(* Let $\mathcal{R}$ be a left-linear TRS and $\mathcal{C}\subseteq\mathcal{R}$ such that $t\leftrightarrow^*_\mathcal{C}u$ for every parallel critical pair $(t,u)$ between $\mathcal{R}$ and $\mathcal{R}$, and $\ell\to_\mathcal{C}^*r$ for every rule $\ell\to r\in\mathcal{R}{\restriction}_\mathcal{C}$. Then $\mathcal{R}$ is confluent if and only if $\mathcal{C}$ is confluent.
   Context: A TRS is a set of rules $\ell\to r$ ($\ell\notin\mathcal{V}$, $\mathcal{V}ar(r)\subseteq\mathcal{V}ar(\ell)$); left-linear: no variable repeated in a left-hand side; confluent: ${}\leftarrow^*\cdot\to^*\subseteq\to^*\cdot\leftarrow^*$; $\leftrightarrow^*_\mathcal{C}$ the conversion relation of $\mathcal{C}$. $\mathcal{F}un(\mathcal{C})$ is the set of function symbols occurring in rules of $\mathcal{C}$, and $\mathcal{R}{\restriction}_\mathcal{C}=\{\ell\to r\in\mathcal{R}\mid\mathcal{F}un(\ell)\subseteq\mathcal{F}un(\mathcal{C})\}$. Parallel critical pair between $\mathcal{R}$ and $\mathcal{R}$: for variants (renamings) $\ell\to r$ and $\ell_p\to r_p$ ($p\in P$) of $\mathcal{R}$-rules, pairwise variable-disjoint, where $P$ is a non-empty set of pairwise parallel (no one a prefix of another) function-symbol positions of $\ell$, $\sigma$ a most general unifier of $\{\ell_p\approx\ell|_p\}_{p\in P}$, and $\ell_\epsilon\to r_\epsilon$ not a variant of $\ell\to r$ if $P=\{\epsilon\}$ (root): the pair $((\ell\sigma)[r_p\sigma]_{p\in P}, r\sigma)$. *)

theory Defs
  imports Main
begin

datatype ('f, 'v) "term" = Var 'v | Fun 'f "('f, 'v) term list"

type_synonym ('f, 'v) rule = "('f, 'v) term \<times> ('f, 'v) term"
type_synonym ('f, 'v) trs = "('f, 'v) rule set"
type_synonym pos = "nat list"

fun vars_term :: "('f, 'v) term \<Rightarrow> 'v set" where
  "vars_term (Var x) = {x}"
| "vars_term (Fun f ts) = \<Union> (set (map vars_term ts))"

fun funs_term :: "('f, 'v) term \<Rightarrow> 'f set" where
  "funs_term (Var x) = {}"
| "funs_term (Fun f ts) = insert f (\<Union> (set (map funs_term ts)))"

fun subst :: "('f, 'v) term \<Rightarrow> ('v \<Rightarrow> ('f, 'v) term) \<Rightarrow> ('f, 'v) term" where
  "subst (Var x) \<sigma> = \<sigma> x"
| "subst (Fun f ts) \<sigma> = Fun f (map (\<lambda>t. subst t \<sigma>) ts)"

fun valid_pos :: "('f, 'v) term \<Rightarrow> pos \<Rightarrow> bool" where
  "valid_pos t [] = True"
| "valid_pos (Var x) (i # p) = False"
| "valid_pos (Fun f ts) (i # p) = (i < length ts \<and> valid_pos (ts ! i) p)"

definition poss :: "('f, 'v) term \<Rightarrow> pos set" where
  "poss t = {p. valid_pos t p}"

fun subt_at :: "('f, 'v) term \<Rightarrow> pos \<Rightarrow> ('f, 'v) term" where
  "subt_at t [] = t"
| "subt_at (Var x) (i # p) = Var x"
| "subt_at (Fun f ts) (i # p) = subt_at (ts ! i) p"

definition fun_poss :: "('f, 'v) term \<Rightarrow> pos set" where
  "fun_poss t = {p \<in> poss t. \<not> (\<exists>x. subt_at t p = Var x)}"

fun replace_at :: "('f, 'v) term \<Rightarrow> pos \<Rightarrow> ('f, 'v) term \<Rightarrow> ('f, 'v) term" where
  "replace_at t [] s = s"
| "replace_at (Var x) (i # p) s = Var x"
| "replace_at (Fun f ts) (i # p) s = Fun f (ts[i := replace_at (ts ! i) p s])"

fun replace_par :: "('f, 'v) term \<Rightarrow> pos set \<Rightarrow> (pos \<Rightarrow> ('f, 'v) term) \<Rightarrow> ('f, 'v) term"
and replace_par_list :: "nat \<Rightarrow> ('f, 'v) term list \<Rightarrow> pos set \<Rightarrow> (pos \<Rightarrow> ('f, 'v) term)
    \<Rightarrow> ('f, 'v) term list" where
  "replace_par (Var x) P g = (if [] \<in> P then g [] else Var x)"
| "replace_par (Fun f ts) P g = (if [] \<in> P then g [] else Fun f (replace_par_list 0 ts P g))"
| "replace_par_list i [] P g = []"
| "replace_par_list i (t # ts) P g =
     replace_par t {q. i # q \<in> P} (\<lambda>q. g (i # q)) # replace_par_list (Suc i) ts P g"

definition pos_prefix :: "pos \<Rightarrow> pos \<Rightarrow> bool" where
  "pos_prefix p q \<longleftrightarrow> (\<exists>r. q = p @ r)"

definition parallel_pos :: "pos \<Rightarrow> pos \<Rightarrow> bool" where
  "parallel_pos p q \<longleftrightarrow> \<not> pos_prefix p q \<and> \<not> pos_prefix q p"

definition rule_vars :: "('f, 'v) rule \<Rightarrow> 'v set" where
  "rule_vars lr = vars_term (fst lr) \<union> vars_term (snd lr)"

definition is_trs :: "('f, 'v) trs \<Rightarrow> bool" where
  "is_trs R \<longleftrightarrow> (\<forall>(l, r) \<in> R. (\<nexists>x. l = Var x) \<and> vars_term r \<subseteq> vars_term l)"

definition left_linear :: "('f, 'v) trs \<Rightarrow> bool" where
  "left_linear R \<longleftrightarrow> (\<forall>(l, r) \<in> R. \<forall>p \<in> poss l. \<forall>q \<in> poss l. \<forall>x.
      subt_at l p = Var x \<and> subt_at l q = Var x \<longrightarrow> p = q)"

definition rstep :: "('f, 'v) trs \<Rightarrow> ('f, 'v) term rel" where
  "rstep R = {(s, t). \<exists>l r p \<sigma>. (l, r) \<in> R \<and> p \<in> poss s \<and>
      subt_at s p = subst l \<sigma> \<and> t = replace_at s p (subst r \<sigma>)}"

definition conv :: "('f, 'v) trs \<Rightarrow> ('f, 'v) term rel" where
  "conv R = (rstep R \<union> (rstep R)\<inverse>)\<^sup>*"

definition confluent :: "('f, 'v) trs \<Rightarrow> bool" where
  "confluent R \<longleftrightarrow> ((rstep R)\<^sup>*)\<inverse> O (rstep R)\<^sup>* \<subseteq> (rstep R)\<^sup>* O ((rstep R)\<^sup>*)\<inverse>"

definition funs_trs :: "('f, 'v) trs \<Rightarrow> 'f set" where
  "funs_trs R = (\<Union>(l, r) \<in> R. funs_term l \<union> funs_term r)"

definition restrict_trs :: "('f, 'v) trs \<Rightarrow> ('f, 'v) trs \<Rightarrow> ('f, 'v) trs" where
  "restrict_trs R C = {(l, r) \<in> R. funs_term l \<subseteq> funs_trs C}"

definition variant :: "('f, 'v) rule \<Rightarrow> ('f, 'v) rule \<Rightarrow> bool" where
  "variant lr' lr \<longleftrightarrow> (\<exists>\<pi>. bij \<pi> \<and> fst lr' = subst (fst lr) (Var \<circ> \<pi>)
                                 \<and> snd lr' = subst (snd lr) (Var \<circ> \<pi>))"

definition is_unifier :: "('v \<Rightarrow> ('f, 'v) term) \<Rightarrow> ('f, 'v) term rel \<Rightarrow> bool" where
  "is_unifier \<sigma> E \<longleftrightarrow> (\<forall>(s, t) \<in> E. subst s \<sigma> = subst t \<sigma>)"

definition is_mgu :: "('v \<Rightarrow> ('f, 'v) term) \<Rightarrow> ('f, 'v) term rel \<Rightarrow> bool" where
  "is_mgu \<sigma> E \<longleftrightarrow> is_unifier \<sigma> E \<and>
     (\<forall>\<tau>. is_unifier \<tau> E \<longrightarrow> (\<exists>\<delta>. \<forall>x. \<tau> x = subst (\<sigma> x) \<delta>))"

text \<open>Parallel critical pairs between R and R: main rule (l,r), rules rho p at positions p in P.\<close>
definition pcps :: "('f, 'v) trs \<Rightarrow> ('f, 'v) term rel" where
  "pcps R = {(replace_par (subst l \<sigma>) P (\<lambda>p. subst (snd (\<rho> p)) \<sigma>), subst r \<sigma>) | l r P \<rho> \<sigma>.
      (\<exists>lr0 \<in> R. variant (l, r) lr0) \<and>
      (\<forall>p \<in> P. \<exists>lr0 \<in> R. variant (\<rho> p) lr0) \<and>
      (\<forall>p \<in> P. rule_vars (\<rho> p) \<inter> rule_vars (l, r) = {}) \<and>
      (\<forall>p \<in> P. \<forall>q \<in> P. p \<noteq> q \<longrightarrow> rule_vars (\<rho> p) \<inter> rule_vars (\<rho> q) = {}) \<and>
      P \<noteq> {} \<and> P \<subseteq> fun_poss l \<and>
      (\<forall>p \<in> P. \<forall>q \<in> P. p \<noteq> q \<longrightarrow> parallel_pos p q) \<and>
      is_mgu \<sigma> {(fst (\<rho> p), subt_at l p) | p. p \<in> P} \<and>
      (P = {[]} \<longrightarrow> \<not> variant (\<rho> []) (l, r))}"

end

(*
  If C is confluent, a peak of parallel R-steps is closed by parallel R-steps and a
  C-conversion: where a contracted redex of one step overlaps function positions of a
  left-hand side contracted at the root by the other, the overlapping redexes are, after
  renaming the rules apart (here the infinite supply of variables is used), an instance of a
  parallel critical pair; otherwise, by left-linearity, the root redex survives the other step.
  Hence the composition of a parallel R-step with C-steps has the diamond property, and it
  generates the same reachability relation as R.

  Conversely, if R is confluent then C is confluent on terms over the function symbols of C,
  since there every R-step is simulated by C-steps. A general term is a C-context whose holes
  carry alien subterms. Steps in the context project to steps on the context, and steps inside
  the aliens are confluent by induction on the nesting depth of aliens; by left-linearity of C
  the two kinds of steps commute, which gives confluence of C.
*)

theory Submission
  imports Defs
begin

section \<open>Substitutions and rewrite steps\<close>

lemma subst_subst: "subst (subst t \<sigma>) \<tau> = subst t (\<lambda>x. subst (\<sigma> x) \<tau>)"
  by (induction t) auto

lemma subst_cong: "(\<And>x. x \<in> vars_term t \<Longrightarrow> \<sigma> x = \<tau> x) \<Longrightarrow> subst t \<sigma> = subst t \<tau>"
  by (induction t) auto

lemma subst_eq_imp_eq_on_vars: "subst t \<sigma> = subst t \<tau> \<Longrightarrow> x \<in> vars_term t \<Longrightarrow> \<sigma> x = \<tau> x"
  by (induction t) auto

lemma subst_Var [simp]: "subst t Var = t"
  by (induction t) (auto simp: map_idI)

lemma vars_term_subst: "vars_term (subst t \<sigma>) = (\<Union>x\<in>vars_term t. vars_term (\<sigma> x))"
  by (induction t) auto

lemma funs_term_subst: "funs_term (subst t \<sigma>) = funs_term t \<union> (\<Union>x\<in>vars_term t. funs_term (\<sigma> x))"
  by (induction t) auto

lemma finite_vars_term [simp]: "finite (vars_term t)"
  by (induction t) auto

lemma size_subst_ge_Var: "x \<in> vars_term t \<Longrightarrow> size (\<sigma> x) \<le> size (subst t \<sigma>)"
proof (induction t)
  case (Fun f ts)
  then obtain u where u: "u \<in> set ts" "x \<in> vars_term u" by auto
  with Fun have "size (\<sigma> x) \<le> size (subst u \<sigma>)" by auto
  also have "\<dots> \<le> size_list size (map (\<lambda>t. subst t \<sigma>) ts)"
    using u(1) by (simp add: size_list_estimation')
  finally show ?case by simp
qed simp

lemma subst_neq_Var_if_occurs: "x \<in> vars_term t \<Longrightarrow> t \<noteq> Var x \<Longrightarrow> subst t \<sigma> \<noteq> \<sigma> x"
proof (cases t)
  case (Fun f ts)
  assume "x \<in> vars_term t"
  with Fun obtain u where u: "u \<in> set ts" "x \<in> vars_term u" by auto
  have "size (\<sigma> x) \<le> size (subst u \<sigma>)" using size_subst_ge_Var[OF u(2)] .
  also have "\<dots> \<le> size_list size (map (\<lambda>t. subst t \<sigma>) ts)"
    using u(1) by (simp add: size_list_estimation')
  finally have "size (\<sigma> x) < size (subst t \<sigma>)" using Fun by simp
  then show "subst t \<sigma> \<noteq> \<sigma> x" by auto
qed simp

inductive rstepp :: "('f, 'v) trs \<Rightarrow> ('f, 'v) term \<Rightarrow> ('f, 'v) term \<Rightarrow> bool" for R where
  root: "(l, r) \<in> R \<Longrightarrow> rstepp R (subst l \<sigma>) (subst r \<sigma>)"
| ctxt: "i < length ts \<Longrightarrow> rstepp R (ts ! i) t \<Longrightarrow> rstepp R (Fun f ts) (Fun f (ts[i := t]))"

lemma rstep_eq_rstepp: "rstep R = {(s, t). rstepp R s t}"
proof (intro set_eqI iffI; clarify)
  fix s t assume "(s, t) \<in> rstep R"
  then obtain l r p \<sigma> where lr: "(l, r) \<in> R" and p: "p \<in> poss s" "subt_at s p = subst l \<sigma>"
    and t: "t = replace_at s p (subst r \<sigma>)" unfolding rstep_def by blast
  from p t show "rstepp R s t"
  proof (induction p arbitrary: s t)
    case Nil then show ?case using rstepp.root[OF lr] by simp
  next
    case (Cons i q)
    then obtain f ts where "s = Fun f ts" by (cases s) (auto simp: poss_def)
    with Cons show ?case by (auto simp: poss_def intro!: rstepp.ctxt)
  qed
next
  fix s t assume "rstepp R s t"
  then show "(s, t) \<in> rstep R"
  proof induction
    case (root l r \<sigma>)
    then show ?case unfolding rstep_def
      by (intro CollectI case_prodI exI[of _ l] exI[of _ r] exI[of _ "[]"] exI[of _ \<sigma>])
        (auto simp: poss_def)
  next
    case (ctxt i ts t f)
    then obtain l r p \<sigma> where lr: "(l, r) \<in> R" and p: "p \<in> poss (ts!i)"
      "subt_at (ts!i) p = subst l \<sigma>" and t: "t = replace_at (ts!i) p (subst r \<sigma>)"
      unfolding rstep_def by blast
    show ?case unfolding rstep_def using ctxt(1) lr p t
      by (intro CollectI case_prodI exI[of _ l] exI[of _ r] exI[of _ "i # p"] exI[of _ \<sigma>])
        (auto simp: poss_def)
  qed
qed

** Work request **
Output the lines of the records above exactly as they appear, from the line containing "(i < length" through the line containing "i (t # ts) P".

** Exercise response **
| "valid_pos (Fun f ts) (i # p) = (i < length ts \<and> valid_pos (ts ! i) p)"

definition poss :: "('f, 'v) term \<Rightarrow> pos set" where
  "poss t = {p. valid_pos t p}"

fun subt_at :: "('f, 'v) term \<Rightarrow> pos \<Rightarrow> ('f, 'v) term" where
  "subt_at t [] = t"
| "subt_at (Var x) (i # p) = Var x"
| "subt_at (Fun f ts) (i # p) = subt_at (ts ! i) p"

definition fun_poss :: "('f, 'v) term \<Rightarrow> pos set" where
  "fun_poss t = {p \<in> poss t. \<not> (\<exists>x. subt_at t p = Var x)}"

fun replace_at :: "('f, 'v) term \<Rightarrow> pos \<Rightarrow> ('f, 'v) term \<Rightarrow> ('f, 'v) term" where
  "replace_at t [] s = s"
| "replace_at (Var x) (i # p) s = Var x"
| "replace_at (Fun f ts) (i # p) s = Fun f (ts[i := replace_at (ts ! i) p s])"

fun replace_par :: "('f, 'v) term \<Rightarrow> pos set \<Rightarrow> (pos \<Rightarrow> ('f, 'v) term) \<Rightarrow> ('f, 'v) term"
and replace_par_list :: "nat \<Rightarrow> ('f, 'v) term list \<Rightarrow> pos set \<Rightarrow> (pos \<Rightarrow> ('f, 'v) term)
    \<Rightarrow> ('f, 'v) term list" where
  "replace_par (Var x) P g = (if [] \<in> P then g [] else Var x)"
| "replace_par (Fun f ts) P g = (if [] \<in> P then g [] else Fun f (replace_par_list 0 ts P g))"
| "replace_par_list i [] P g = []"
| "replace_par_list i (t # ts) P g =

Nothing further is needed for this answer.